3. Without Green. As is the case whenever Mike Green is out of the lineup, the greatest burden of ice time and additional responsibility falls on John Carlson, who already sees the toughest matchups on a nightly basis.

Carlson played a team-high 32:26 that included 5:51 shorthanded and 6:43 on the power play. He was on the ice for both of the Capitals’ third-period goals without being on for a single Detroit goal against. His defensive partner, Karl Alzner, was second on the team with 24:12 and was also a plus-2 and they combined to help create the play that led to Michael Latta’s game-tying goal.

“After those PP goals I thought we moved the puck well out of there,” Carlson said. “Their D come hard on the walls and I thought we did a good job for the most part to put it in good spots for our forwards, either put it in the middle or at least get it out and get it into the neutral zone and put a little pressure on them.”

The Capitals needed their dynamic duo defensive pairing to be solid, steadying presences with Green out and especially considering only one of the other four blueliners – Tyson Strachan — in the lineup at Joe Louis Arena have played more than 100 games in the NHL. Oates leaned on Strachan and rookie Nate Schmidt as well and they clocked in with 21:43 and 22:05, respectively.

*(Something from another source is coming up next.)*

(* Let $K \ge 2$, $k \in \{1,\dots,K-1\}$, $\mathbf{x}_0 = \mathbf{e}_k \in \{0,1\}^K$, and let $\mathbf{e}_K$ be the $K$-th standard basis vector. Let $\boldsymbol{\epsilon} \sim \mathcal{N}(\mathbf{0},\mathbf{I}_K)$, $Y = \max_{j\neq k}\epsilon_j - \epsilon_k$, and $F_Y$ the cumulative distribution function of $Y$. Let $(\gamma_t)_{t\in[0,1]}$ be a schedule with $\gamma_t \in (0,1)$, and let $(\tilde{\alpha}_t,\tilde{\sigma}_t)_{t\in[0,1]}$ be real coefficients with $\tilde{\sigma}_t>0$, $\tilde{\alpha}_t^2+\tilde{\sigma}_t^2=1$, and $F_Y(\tilde{\alpha}_t/\tilde{\sigma}_t) = \gamma_t$ for all $t$. Define $\mathbf{w}_t = \tilde{\alpha}_t\mathbf{x}_0 + \tilde{\sigma}_t\boldsymbol{\epsilon}$ and $\mathbf{z}_t = \mathbf{x}_0$ if $\mathbf{w}_t^{(k)} > \max_{j\neq k}\mathbf{w}_t^{(j)}$, $\mathbf{z}_t = \mathbf{e}_K$ otherwise. Let $u = F_Y(Y)$. Then $u$ is uniformly distributed on $[0,1]$, and for every $t\in[0,1]$, $$\mathbf{z}_t = \begin{cases}\mathbf{x}_0 & \text{if } \gamma_t > u,\\ \mathbf{e}_K & \text{otherwise.}\end{cases}$$
   Context: This is the masked-diffusion setting in which each token's discrete state is the projection of a variance-preserving Gaussian latent along a deterministic path with a single fixed noise vector $\boldsymbol{\epsilon}$; $\gamma_t$ is the probability that the token is unmasked at time $t$. *)

theory Defs
  imports "HOL-Probability.Probability"
begin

“Carly played 32 ½ minutes, Alzy played a ton. They played great. Tyson came in and played a fantastic game for us for what we asked of him, he moved the puck,” Oates said. “Schmidtty’s playing better every night, Urb’s playing better every night, Stevie O did a great job tonight. For going into this building for the first time for a lot of guys it’s hard and they did a good job.”

Alex Urbom (12:38) and Steve Oleksy (10:51) rounded out the group and had the roughest night of all three pairings as they were on the ice for two of three Detroit goals. But when the other four were able to carry such a significant workload it helped to cancel that out.

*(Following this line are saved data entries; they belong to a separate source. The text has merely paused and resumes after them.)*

(* For d = 1, ..., L the row phi_{(d,L)}, ..., phi_{(d,1)} of the sequence acts
   as one simultaneous "stage" S_d filling every empty site of {1..L} whose gap equals d:
   sites are processed from right to left and the gap only looks to the left, so each gap is
   read from the configuration before the stage.  Hence Phi(eta; L-1, 1) is the configuration
   after the stages S_1, ..., S_{L-1} (Phi_eq_stages).
   Stage d decides site y from the window [y-d, y] alone (stage_local), and a site still
   empty after k stages has k occupied sites on its left (stages_empty_sees_occupied).
   Consequently, with l = b - a, the flip at z cannot be seen during the first l stages:
   sites left of z never look at z (stages_agree_below), sites right of b only look into
   (b, b+l], which is occupied when I_+ has no zero (stages_agree_above), and [z, b] is
   completely filled after l stages in both configurations, because the leftmost zero in I
   is shielded by the occupied interval I_- (filled_behind_shielded_zero).  So eta and eta^z
   agree after l stages, hence after L-1 stages, and eta^z would lie in A_*. *)

lemma gap_eq_iff:
  assumes "\<not> \<sigma> 0"
  shows "(gap \<sigma> y = d) = (0 < d \<and> \<not> \<sigma> (y - d) \<and> (\<forall>j. 0 < j \<and> j < d \<longrightarrow> \<sigma> (y - j)))"
proof -
  let ?P = "\<lambda>d. 0 < d \<and> \<not> \<sigma> (y - d)"
  have ex: "?P (Suc y)" using assms by simp
  show ?thesis
  proof
    assume g: "gap \<sigma> y = d"
    have "?P (Least ?P)" using LeastI[of ?P, OF ex] .
    moreover have "\<forall>j. j < Least ?P \<longrightarrow> \<not> ?P j" using not_less_Least by blast
    ultimately show "0 < d \<and> \<not> \<sigma> (y - d) \<and> (\<forall>j. 0 < j \<and> j < d \<longrightarrow> \<sigma> (y - j))"
      using g unfolding gap_def by auto
  next
    assume h: "0 < d \<and> \<not> \<sigma> (y - d) \<and> (\<forall>j. 0 < j \<and> j < d \<longrightarrow> \<sigma> (y - j))"
    show "gap \<sigma> y = d" unfolding gap_def
      by (rule Least_equality) (use h in \<open>auto simp: not_less[symmetric]\<close>)
  qed
qed

lemma gap_local:
  assumes "\<forall>i<y. \<sigma> i = \<tau> i" "0 < y"
  shows "gap \<sigma> y = gap \<tau> y"
proof -
  have "(\<lambda>d. 0 < d \<and> \<not> \<sigma> (y - d)) = (\<lambda>d. 0 < d \<and> \<not> \<tau> (y - d))"
    using assms by auto
  then show ?thesis unfolding gap_def by simp
qed

section \<open>Phi as a sequence of simultaneous stages\<close>

definition stage :: "nat \<Rightarrow> nat \<Rightarrow> (nat \<Rightarrow> bool) \<Rightarrow> (nat \<Rightarrow> bool)" where
  "stage L d \<sigma> = (\<lambda>y. if 1 \<le> y \<and> y \<le> L then \<sigma> y \<or> gap \<sigma> y = d else \<sigma> y)"

primrec stages :: "nat \<Rightarrow> (nat \<Rightarrow> bool) \<Rightarrow> nat \<Rightarrow> (nat \<Rightarrow> bool)" where
  "stages L \<sigma> 0 = \<sigma>"
| "stages L \<sigma> (Suc k) = stage L (Suc k) (stages L \<sigma> k)"

lemma phi_upd: "phi d x \<sigma> = \<sigma>(x := (\<sigma> x \<or> gap \<sigma> x = d))"
  unfolding phi_def by (rule ext) (auto simp: fun_upd_def)

text \<open>Applying phi_d to positive sites in decreasing order uses only the original gaps,
  since every later site lies to the left of the sites already changed.\<close>
lemma fold_phi_decreasing:
  "sorted_wrt (>) xs \<Longrightarrow> (\<forall>x\<in>set xs. 0 < x) \<Longrightarrow>
   fold (\<lambda>x \<sigma>. phi d x \<sigma>) xs \<sigma> = (\<lambda>y. if y \<in> set xs then \<sigma> y \<or> gap \<sigma> y = d else \<sigma> y)"
proof (induction xs arbitrary: \<sigma>)
  case Nil
  then show ?case by simp
next
  case (Cons x xs)
  let ?s = "\<sigma>(x := (\<sigma> x \<or> gap \<sigma> x = d))"
  have IH: "fold (\<lambda>x \<sigma>. phi d x \<sigma>) xs ?s = (\<lambda>y. if y \<in> set xs then ?s y \<or> gap ?s y = d else ?s y)"
    by (rule Cons.IH) (use Cons.prems in auto)
  have unfold: "fold (\<lambda>x \<sigma>. phi d x \<sigma>) (x # xs) \<sigma> = fold (\<lambda>x \<sigma>. phi d x \<sigma>) xs ?s"
    by (simp add: phi_upd)
  have "\<And>y. y \<in> set xs \<Longrightarrow> gap ?s y = gap \<sigma> y"
    by (rule gap_local) (use Cons.prems in auto)
  moreover have "\<And>y. y \<in> set xs \<Longrightarrow> y \<noteq> x" using Cons.prems by auto
  ultimately show ?case unfolding unfold IH by (auto simp: phi_upd)
qed

lemma fold_phi_row: "fold (\<lambda>x \<sigma>. phi d x \<sigma>) (rev [1..<L+1]) \<sigma> = stage L d \<sigma>"
proof -
  have "sorted_wrt (>) (rev [1..<L+1])"
    by (simp only: sorted_wrt_rev sorted_wrt_upt)
  then show ?thesis by (subst fold_phi_decreasing) (auto simp: stage_def)
qed

lemma fold_concat: "fold f (concat xss) s = fold (\<lambda>xs. fold f xs) xss s"
  by (induction xss arbitrary: s) auto

lemma fold_stage_eq_stages: "fold (stage L) [1..<k+1] \<sigma> = stages L \<sigma> k"
  by (induction k) auto

text \<open>The pairs preceding (L-1,1) are exactly the rows d = 1, ..., L-1.\<close>
lemma Phi_eq_stages:
  assumes "2 \<le> L"
  shows "Phi L \<eta> (L - 1) 1 = stages L \<eta> (L - 1)"
proof -
  define row where "row d = map (\<lambda>x. (d, x)) (rev [1..<L+1])" for d :: nat
  define P where "P = (\<lambda>\<alpha>. prec_eq \<alpha> (L - 1, 1))"
  have alphas: "alphas L = concat (map row [1..<L+1])" unfolding alphas_def row_def by simp
  have split: "[1..<L+1] = [1..<L] @ [L]" using assms by simp
  have last_row: "filter P (row L) = []" unfolding row_def P_def prec_eq_def using assms
    by (auto simp: filter_empty_conv)
  have other_rows: "map (filter P \<circ> row) [1..<L] = map row [1..<L]"
    by (rule map_cong) (auto simp: row_def P_def prec_eq_def intro!: filter_True)
  have "filter P (alphas L) = concat (map row [1..<L])"
    unfolding alphas filter_concat split map_append map_map other_rows using last_row by simp
  then have "Phi L \<eta> (L - 1) 1 = fold (\<lambda>xs. fold (\<lambda>\<alpha> \<sigma>. phi (fst \<alpha>) (snd \<alpha>) \<sigma>) xs) (map row [1..<L]) \<eta>"
    unfolding Phi_def P_def by (simp add: fold_concat)
  also have "\<dots> = fold (stage L) [1..<L] \<eta>"
    unfolding fold_map
    by (rule fold_cong) (auto simp: row_def fold_map comp_def fold_phi_row[symmetric])
  also have "\<dots> = stages L \<eta> (L - 1)" using fold_stage_eq_stages[of L "L - 1" \<eta>] assms by simp
  finally show ?thesis .
qed

lemma stages_zero: "\<not> \<sigma> 0 \<Longrightarrow> \<not> stages L \<sigma> k 0"
  by (induction k) (auto simp: stage_def)

lemma stage_mono: "\<sigma> y \<Longrightarrow> stage L d \<sigma> y"
  by (auto simp: stage_def)

lemma stages_mono: "\<sigma> y \<Longrightarrow> stages L \<sigma> k y"
  by (induction k) (auto simp: stage_mono)

lemma stage_local:
  assumes "\<not> \<sigma> 0" "\<not> \<tau> 0" "\<forall>i. y - d \<le> i \<and> i \<le> y \<longrightarrow> \<sigma> i = \<tau> i"
  shows "stage L d \<sigma> y = stage L d \<tau> y"
proof -
  have window: "\<forall>j. j \<le> d \<longrightarrow> \<sigma> (y - j) = \<tau> (y - j)"
    using assms(3) by (auto intro: diff_le_mono2)
  have "\<sigma> y = \<tau> y" using assms(3) by simp
  moreover have "(gap \<sigma> y = d) = (gap \<tau> y = d)"
    using window by (simp add: gap_eq_iff[of \<sigma>, OF assms(1)] gap_eq_iff[of \<tau>, OF assms(2)])
  ultimately show ?thesis by (simp add: stage_def)
qed

text \<open>A site of {1..L} still empty after k stages has its k left neighbours occupied:
  otherwise its gap would have been some d \<le> k and stage d would have filled it.\<close>
lemma stages_empty_sees_occupied:
  "\<not> \<sigma> 0 \<Longrightarrow> 1 \<le> y \<Longrightarrow> y \<le> L \<Longrightarrow> \<not> stages L \<sigma> k y \<Longrightarrow> 0 < j \<Longrightarrow> j \<le> k \<Longrightarrow>
   stages L \<sigma> k (y - j)"
proof (induction k arbitrary: j)
  case 0
  then show ?case by simp
next
  case (Suc k)
  let ?t = "stages L \<sigma> k"
  have empty: "\<not> ?t y" and gap_ne: "gap ?t y \<noteq> Suc k" using Suc.prems by (auto simp: stage_def)
  have IH: "\<And>j. 0 < j \<Longrightarrow> j \<le> k \<Longrightarrow> ?t (y - j)" using Suc.IH Suc.prems empty by blast
  show ?case
  proof (cases "j \<le> k")
    case True
    then show ?thesis using IH Suc.prems by (auto intro: stage_mono)
  next
    case False
    then have j: "j = Suc k" using Suc.prems by simp
    show ?thesis
    proof (cases "?t (y - Suc k)")
      case True
      then show ?thesis using j by (auto intro: stage_mono)
    next
      case False
      then have "gap ?t y = Suc k"
        using IH stages_zero[of \<sigma>, OF Suc.prems(1)] by (subst gap_eq_iff) auto
      then show ?thesis using gap_ne by simp
    qed
  qed
qed

lemma stages_agree_later:
  assumes "stages L \<sigma> k = stages L \<tau> k" "k \<le> n"
  shows "stages L \<sigma> n = stages L \<tau> n"
  using assms(2) by (induction n rule: dec_induct) (use assms(1) in auto)

section \<open>Filling behind a shielded empty site\<close>

lemma zero_persists:
  assumes "\<not> \<rho> 0" "\<not> \<rho> w" "\<forall>j. 0 < j \<and> j \<le> m \<longrightarrow> \<rho> (w - j)"
  shows "\<not> stages L \<rho> m w"
  using assms(3)
proof (induction m)
  case 0
  then show ?case using assms(2) by simp
next
  case (Suc m)
  have "stages L \<rho> m (w - Suc m)" using Suc.prems by (auto intro: stages_mono)
  then have "gap (stages L \<rho> m) w \<noteq> Suc m"
    using gap_eq_iff[of "stages L \<rho> m", OF stages_zero[of \<rho>, OF assms(1)]] by blast
  then show ?case using Suc by (auto simp: stage_def)
qed

text \<open>If w is still empty after m stages, then stage m+1 leaves no empty site of {1..L}
  in (w, w+m+1]: such a site would see m occupied sites and then w, i.e. have gap m+1.\<close>
lemma filled_behind_zero:
  assumes "\<not> \<rho> 0" "\<not> stages L \<rho> m w" "w < y" "y \<le> w + Suc m" "y \<le> L"
  shows "stages L \<rho> (Suc m) y"
proof (cases "stages L \<rho> m y")
  case True
  then show ?thesis by (auto intro: stage_mono)
next
  case False
  have y1: "1 \<le> y" using assms by simp
  have occupied: "\<And>j. 0 < j \<Longrightarrow> j \<le> m \<Longrightarrow> stages L \<rho> m (y - j)"
    using stages_empty_sees_occupied[OF assms(1) y1 assms(5) False] by blast
  have "y - w = Suc m"
  proof (rule ccontr)
    assume "y - w \<noteq> Suc m"
    then have "stages L \<rho> m (y - (y - w))" using assms(3,4) by (intro occupied) auto
    then show False using assms(2,3) by simp
  qed
  then have "y - Suc m = w" using assms(3) by simp
  then have "gap (stages L \<rho> m) y = Suc m"
    using assms(2) occupied
    by (subst gap_eq_iff[of "stages L \<rho> m", OF stages_zero[of \<rho>, OF assms(1)]]) auto
  then show ?thesis using y1 assms(5) by (simp add: stage_def)
qed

4. Penalties. The Capitals gave up two power-play goals in a single game for just the second time this season Friday night and after absorbing that hit, the penalty kill is now ranked second in the league at 87.3 percent. Washington’s shorthanded play has been a source of strength, but occasionally the group has too many infractions to kill off in a single contest or simply runs up against a team that can break down their scheme. Both happened in Detroit.

The Capitals are tied for second in the league for the most minor penalties (89) have the third-most total penalties (108) and are fourth in total penalty minutes with 289. Even with as good as the penalty kill has been, they could use a game or two where they don’t need to kill off a handful of penalties.

5. Shootout magic. Washington is tied for a league leading 5-1 record in shootouts and with his decisive tally against the Red Wings, Backstrom improved to 4-for-4. It was the second game-deciding shootout goal of the year and just the fourth of his career. Prior to this season, Backstrom was 9-for-26 in the tiebreak.

Obviously to be as successful in shootouts as the Capitals have been, you need solid goaltending to go along with the goals. Braden Holtby, after making 34 saves through 65 minutes of play, was perfect in the shootout Friday night making deft poke checks on Pavel Datsyuk, Johan Franzen and Todd Bertuzzi. Of the 12 shots he’s faced in shootouts this year, Holtby’s only allowed three goals.

“You could tell he was on,” Oates said. “In the shootout, the three shots, he was on. That’s a huge feeling for the bench.”